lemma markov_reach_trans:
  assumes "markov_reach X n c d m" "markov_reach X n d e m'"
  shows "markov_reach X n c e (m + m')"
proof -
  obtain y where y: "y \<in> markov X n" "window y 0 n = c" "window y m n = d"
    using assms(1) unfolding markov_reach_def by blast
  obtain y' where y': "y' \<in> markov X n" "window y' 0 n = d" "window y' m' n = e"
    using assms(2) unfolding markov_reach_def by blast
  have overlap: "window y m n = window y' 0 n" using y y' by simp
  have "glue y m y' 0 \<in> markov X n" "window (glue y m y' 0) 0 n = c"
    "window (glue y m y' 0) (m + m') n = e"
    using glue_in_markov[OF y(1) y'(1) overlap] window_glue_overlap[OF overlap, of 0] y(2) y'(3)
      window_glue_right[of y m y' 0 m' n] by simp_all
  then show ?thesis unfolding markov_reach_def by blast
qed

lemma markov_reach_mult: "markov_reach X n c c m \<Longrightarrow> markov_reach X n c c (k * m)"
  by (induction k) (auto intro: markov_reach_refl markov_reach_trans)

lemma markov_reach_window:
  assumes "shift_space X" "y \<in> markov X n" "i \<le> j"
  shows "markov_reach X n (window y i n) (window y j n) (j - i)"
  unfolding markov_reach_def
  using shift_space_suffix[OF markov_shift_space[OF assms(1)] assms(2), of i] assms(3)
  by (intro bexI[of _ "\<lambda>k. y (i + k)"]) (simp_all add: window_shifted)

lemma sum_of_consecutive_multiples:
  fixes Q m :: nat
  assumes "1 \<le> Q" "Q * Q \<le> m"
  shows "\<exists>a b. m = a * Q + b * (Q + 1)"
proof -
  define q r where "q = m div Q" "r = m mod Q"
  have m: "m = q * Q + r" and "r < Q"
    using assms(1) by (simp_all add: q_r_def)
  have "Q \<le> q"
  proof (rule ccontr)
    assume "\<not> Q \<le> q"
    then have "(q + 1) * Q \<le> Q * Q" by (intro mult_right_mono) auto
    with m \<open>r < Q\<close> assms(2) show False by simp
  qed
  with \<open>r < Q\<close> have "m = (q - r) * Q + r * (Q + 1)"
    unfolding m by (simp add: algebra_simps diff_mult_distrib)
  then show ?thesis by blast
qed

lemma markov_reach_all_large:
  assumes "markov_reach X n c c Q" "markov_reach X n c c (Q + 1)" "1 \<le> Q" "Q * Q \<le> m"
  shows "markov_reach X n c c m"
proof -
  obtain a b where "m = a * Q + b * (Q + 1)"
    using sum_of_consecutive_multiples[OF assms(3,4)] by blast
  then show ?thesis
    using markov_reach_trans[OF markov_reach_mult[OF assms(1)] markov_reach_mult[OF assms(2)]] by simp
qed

==*==

• [TASK TO COMPLETE] In the listing above, start at the line with "0 \<in> markov", go on through the line with "by (intro bexI[of", and copy each of those lines exactly; leave out all the rest.

• [TASK SOLUTION]
  have "glue y m y' 0 \<in> markov X n" "window (glue y m y' 0) 0 n = c"
    "window (glue y m y' 0) (m + m') n = e"
    using glue_in_markov[OF y(1) y'(1) overlap] window_glue_overlap[OF overlap, of 0] y(2) y'(3)
      window_glue_right[of y m y' 0 m' n] by simp_all
  then show ?thesis unfolding markov_reach_def by blast
qed

lemma markov_reach_mult: "markov_reach X n c c m \<Longrightarrow> markov_reach X n c c (k * m)"
  by (induction k) (auto intro: markov_reach_refl markov_reach_trans)

lemma markov_reach_window:
  assumes "shift_space X" "y \<in> markov X n" "i \<le> j"
  shows "markov_reach X n (window y i n) (window y j n) (j - i)"
  unfolding markov_reach_def
  using shift_space_suffix[OF markov_shift_space[OF assms(1)] assms(2), of i] assms(3)
  by (intro bexI[of _ "\<lambda>k. y (i + k)"]) (simp_all add: window_shifted)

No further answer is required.